We have also investigated the solubility and thermal stability of Titan aerosol analogs (tholins) to understand the basic property of organics on Titan and the potential for chemical modification upon in situ sampling. The tholin generated by AC discharge in CH₄/N₂ (5/95) mixture preferentially dissolves in polar solvent to non-polar solvent, which is indicated by the solubility (mg/mL) by evaporation method and proved by the solubility ratio from the integration of quantitative ¹H NMR spectra. The ¹H and ¹³C NMR spectra of respective deuterated solutions indicate the structural information of soluble tholin components in each solvent and confirm the large percentage of polar species in tholins, including amine, nitrile and N-heteroaromatics. The solubility study implies that most of Titan aerosols should be scantily in low temperature non-polar hydrocarbon lakes or oceans on Titan surface, and also helps us select solvents and develop methods for the liquid-based in situ analysis. Thermal stability studies indicate significant structural changes of tholins when heated beyond 150 oC for even short time periods in inert atmospheres. The 300 oC-pyrolysis products of one major component (2-cyanoguanidine) in the tholin are identified. This study demonstrates the tholins’ thermal lability and the requirement of nondestructive instruments and methods for structural analysis, such as NMR and LC/MS. This study is critical to ongoing discussion regarding the development of in situ, low bias analysis methods and instruments for Titan missions and other outer planet exploration.

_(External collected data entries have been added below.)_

(* Let $(a_0,\ldots,a_n)$ be a finite sequence of positive integers. For every $\varepsilon>0$ there is $m_0>0$ such that for every integer $m\ge m_0$ and every positive integer $N$, $$\Phi(\beta^{N+1})-\Phi(\beta^N)<\varepsilon.$$
   Context: For positive integers $d_0,d_1,\ldots$, $[d_0,d_1,d_2,\ldots]$ denotes the continued fraction $\cfrac{1}{d_0+\cfrac{1}{d_1+\cfrac{1}{d_2+\cdots}}}$, and for $\beta=[d_0,d_1,\ldots]$ we write $\alpha_j(\beta)=[d_j,d_{j+1},\ldots]$. $\Phi(\beta)=\sum_{k\ge 0}\alpha_0(\beta)\cdots\alpha_{k-1}(\beta)\log\frac{1}{\alpha_k(\beta)}$ is the Yoccoz Brjuno function. For integers $m\ge1$, $N\ge1$, $\beta^N$ is the number whose digits (indexed from $0$) are $a_0,\ldots,a_n$ in positions $0,\ldots,n$, $N$ in position $n+m$, and $1$ in all other positions. *)

theory Defs
  imports Complex_Main
begin

fun cf_trunc :: "(nat \<Rightarrow> nat) \<Rightarrow> nat \<Rightarrow> real" where
  "cf_trunc d 0 = 0"
| "cf_trunc d (Suc k) = 1 / (real (d 0) + cf_trunc (\<lambda>i. d (Suc i)) k)"

definition cf :: "(nat \<Rightarrow> nat) \<Rightarrow> real" where
  "cf d = lim (\<lambda>k. cf_trunc d k)"

definition cf_alpha :: "(nat \<Rightarrow> nat) \<Rightarrow> nat \<Rightarrow> real" where
  "cf_alpha d j = cf (\<lambda>i. d (i + j))"

definition brjuno_Phi :: "(nat \<Rightarrow> nat) \<Rightarrow> real" where
  "brjuno_Phi d = (\<Sum>k. (\<Prod>i<k. cf_alpha d i) * ln (1 / cf_alpha d k))"

text \<open>Digits of beta^N: a_0..a_n at positions 0..n, N at position n+m, 1 elsewhere.\<close>
definition beta_digits :: "(nat \<Rightarrow> nat) \<Rightarrow> nat \<Rightarrow> nat \<Rightarrow> nat \<Rightarrow> nat \<Rightarrow> nat" where
  "beta_digits a n m N i = (if i \<le> n then a i else if i = n + m then N else 1)"

end

theory Submission
  imports Defs
begin
(* Let $F:\mathbb{R}^n\to\mathbb{R}^n$ be locally Lipschitz, $X^*=\{x:F(x)=0\}$, $x^*\in X^*$, $\mathcal{M}$ a smooth embedded submanifold of $\mathbb{R}^n$ containing $x^*$, and $\tilde X^*=X^*\cap\mathcal{M}$. Assume (A1), (A2), (A3) below, and let $b$ be as defined below. Let $q\in(1,2]$, $L_3>0$. For $x_k\in\mathcal{M}$ let $\mu_k=\|F(x_k)\|$, $J_k\in\partial_BF(x_k)$, $P_k=P(x_k)$, and let $d_k$ satisfy $(J_kP_k+\mu_kI)d_k=-F(x_k)+r_k$ where $\|r_k\|/\mu_k\le L_3\|F(x_k)\|^q$. Then there is a constant $c_1>0$ such that whenever $x_k\in\mathcal{M}\cap\bar B(x^*,b/2)$, $$\|d_k\|\le c_1\,\mathrm{dist}(x_k,\tilde X^* )+\mu_k^{-1}\|r_k\|.$$
   Context: $\partial_BF(x)=\{\lim_kJ(x^k):x^k\to x, F \text{ differentiable at } x^k\}$ (B-Jacobian). $P(x)$ is the matrix of the orthogonal projection onto the tangent space $T_x\mathcal{M}$. (A1): there are $b_1>0$, $L_2>0$ such that $F$ is $L_2$-Lipschitz on $\bar B(x^*,b_1)$, and a constant $L_1>0$ such that for all $x,y\in\mathcal{M}\cap\bar B(x^*,b_1)$ and every $J(x)\in\partial_BF(x)$: $\|F(y)-F(x)-J(x)(y-x)\|\le L_1\|y-x\|^2$ and $\|F(y)-F(x)-J(x)P(x)(y-x)\|\le L_1\|y-x\|^2$. (A2): there is $b_2>0$ such that for all $x\in\mathcal{M}\cap\bar B(x^*,b_2)$ and all $J(x)\in\partial_BF(x)$, $\|(J(x)P(x)+\mu(x)I)^{-1}\|\le\mu(x)^{-1}$, $\mu(x)=\|F(x)\|$. (A3): there are $b_3>0$, $\gamma>0$ with $\|F(x)\|\ge\gamma\,\mathrm{dist}(x,\tilde X^* )$ for all $x\in\mathcal{M}\cap\bar B(x^*,b_3)$. Set $b=\min\{b_2,b_3,\gamma b_1/(2L_1+2L_2+2\gamma+2L_3L_2^q\gamma),1,\gamma/(L_1+L_2+\gamma+L_3L_2^q\gamma)\}$. *)

theory Defs
  imports "HOL-Analysis.Analysis"
begin

text \<open>f is C^0 on U iff continuous; f is C^(k+1) on the open set U iff f is
  differentiable on U and, for every direction v, the map x |-> Df(x) v is C^k on U.
  (In finite dimensions this is the usual notion.)\<close>

fun Ck_on :: "nat \<Rightarrow> ('a::euclidean_space) set \<Rightarrow> ('a \<Rightarrow> 'b::euclidean_space) \<Rightarrow> bool" where
  "Ck_on 0 U f = continuous_on U f"
| "Ck_on (Suc k) U f =
     ((\<forall>x\<in>U. f differentiable (at x)) \<and>
      (\<forall>v. Ck_on k U (\<lambda>x. frechet_derivative f (at x) v)))"
lemma inner_basis_iso:
  fixes \<psi> :: "'a::euclidean_space \<Rightarrow> 'b::euclidean_space"
  assumes lin: "linear \<psi>" and inj: "inj_on \<psi> Basis" and im: "\<psi> ` Basis = Basis"
    and b: "b \<in> Basis"
  shows "\<psi> x \<bullet> \<psi> b = x \<bullet> b"
proof -
  have "\<psi> x = (\<Sum>c\<in>Basis. (x \<bullet> c) *\<^sub>R \<psi> c)"
    by (metis (no_types, lifting) euclidean_representation lin linear_scale linear_sum sum.cong)
  then have "\<psi> x \<bullet> \<psi> b = (\<Sum>c\<in>Basis. (x \<bullet> c) * (\<psi> c \<bullet> \<psi> b))"
    by (simp add: inner_sum_left)
  also have "\<dots> = (\<Sum>c\<in>Basis. (x \<bullet> c) * (if c = b then 1 else 0))"
  proof (rule sum.cong)
    fix c :: 'a assume c: "c \<in> Basis"
    have "\<psi> c \<in> Basis" "\<psi> b \<in> Basis"
      using c b im by auto
    moreover have "\<psi> c = \<psi> b \<longleftrightarrow> c = b"
      using inj c b by (auto dest: inj_onD)
    ultimately show "(x \<bullet> c) * (\<psi> c \<bullet> \<psi> b) = (x \<bullet> c) * (if c = b then 1 else 0)"
      by (simp add: inner_Basis)
  qed simp
  also have "\<dots> = x \<bullet> b"
    using b by (simp add: if_distrib sum.delta cong: if_cong)
  finally show ?thesis .
qed

lemma lborel_basis_iso:
  fixes \<psi> :: "'a::euclidean_space \<Rightarrow> 'b::euclidean_space"
  assumes lin: "linear \<psi>" and inj: "inj_on \<psi> Basis" and im: "\<psi> ` Basis = Basis"
  shows "distr lborel borel \<psi> = lborel"
proof -
  have meas: "\<psi> \<in> borel_measurable borel"
    using lin by (intro borel_measurable_continuous_onI linear_continuous_on linear_conv_bounded_linear[THEN iffD1])
  define T where "T l = (\<Sum>b\<in>Basis. (l \<bullet> \<psi> b) *\<^sub>R b)" for l :: 'b
  have T_inner: "T l \<bullet> b = l \<bullet> \<psi> b" if "b \<in> Basis" for l b
    using that unfolding T_def by (simp add: inner_sum_left inner_Basis if_distrib sum.delta cong: if_cong)
  have vimage_box: "\<psi> -` box l u = box (T l) (T u)" for l u
  proof -
    have "x \<in> \<psi> -` box l u \<longleftrightarrow> (\<forall>b'\<in>\<psi> ` Basis. l \<bullet> b' < \<psi> x \<bullet> b' \<and> \<psi> x \<bullet> b' < u \<bullet> b')" for x
      unfolding im by (simp add: mem_box)
    also have "\<dots>x \<longleftrightarrow> x \<in> box (T l) (T u)" for x
      by (simp add: mem_box T_inner inner_basis_iso[OF assms])
    finally show ?thesis by auto
  qed
  show ?thesis
  proof (rule lborel_eqI[symmetric])
    fix l u :: 'b assume le: "\<And>b. b \<in> Basis \<Longrightarrow> l \<bullet> b \<le> u \<bullet> b"
    have "emeasure (distr lborel borel \<psi>) (box l u) = emeasure lborel (box (T l) (T u))"
      using meas by (simp add: emeasure_distr vimage_box)
    also have "\<dots> = (\<Prod>b\<in>Basis. (T u - T l) \<bullet> b)"
      using le im by (intro emeasure_lborel_box) (auto simp: T_inner)
    also have "\<dots> = (\<Prod>b\<in>Basis. (u - l) \<bullet> \<psi> b)"
      by (intro arg_cong[where f=ennreal] prod.cong) (auto simp: inner_diff_left T_inner)
    also have "\<dots> = (\<Prod>b\<in>\<psi> ` Basis. (u - l) \<bullet> b)"
      using inj by (simp add: prod.reindex)
    finally show "emeasure (distr lborel borel \<psi>) (box l u) = (\<Prod>b\<in>Basis. (u - l) \<bullet> b)"
      unfolding im .
  qed simp
qed

lemma measure_linear_vimage:
  fixes f :: "real^'n::{finite,wellorder} \<Rightarrow> real^'n::_"
  assumes "linear f" "surj f" "f -` S \<in> lmeasurable"
  shows "measure lebesgue S = \<bar>det (matrix f)\<bar> * measure lebesgue (f -` S)"
  using measure_linear_image[OF assms(1,3)] surj_image_vimage_eq[OF assms(2)] by simp

text \<open>Change of variables for linear maps (\<open>measure_linear_image\<close>) is only available
  on \<open>real^'n\<close>, so volumes of sets of matrices are computed in \<open>real^4\<close>.\<close>

definition matrix_of_vec4 :: "real^4 \<Rightarrow> real^2^2" where
  "matrix_of_vec4 x = vector [vector [x$1, x$2], vector [x$3, x$4]]"

lemma matrix_of_vec4_nth [simp]:
  "matrix_of_vec4 x $ 1 $ 1 = x$1" "matrix_of_vec4 x $ 1 $ 2 = x$2"
  "matrix_of_vec4 x $ 2 $ 1 = x$3" "matrix_of_vec4 x $ 2 $ 2 = x$4"
  by (simp_all add: matrix_of_vec4_def)

lemma linear_matrix_of_vec4: "linear matrix_of_vec4"
  by (rule linearI) (simp_all add: vec_eq_iff forall_2)

lemma borel_measurable_matrix_of_vec4 [measurable]: "matrix_of_vec4 \<in> borel_measurable borel"
  using linear_matrix_of_vec4
  by (intro borel_measurable_continuous_onI linear_continuous_on linear_conv_bounded_linear[THEN iffD1])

This work has benefitted from the collaborations with all members of team, but in particular those of Peter Willis, JPL. This effort helped spur our efforts to investigate NMR as an analytical method for Titan tholins in parallel with our mass spectrometric studies over the past decade. The microanalytical results of Willis and coworkers suggest a strong aliphatic amine component to these materials not suggested in the mass spectrometry or other groups’ chromatographic efforts. Although not dominant, this component does appear in the NMR but is dominated by unsaturated functionality.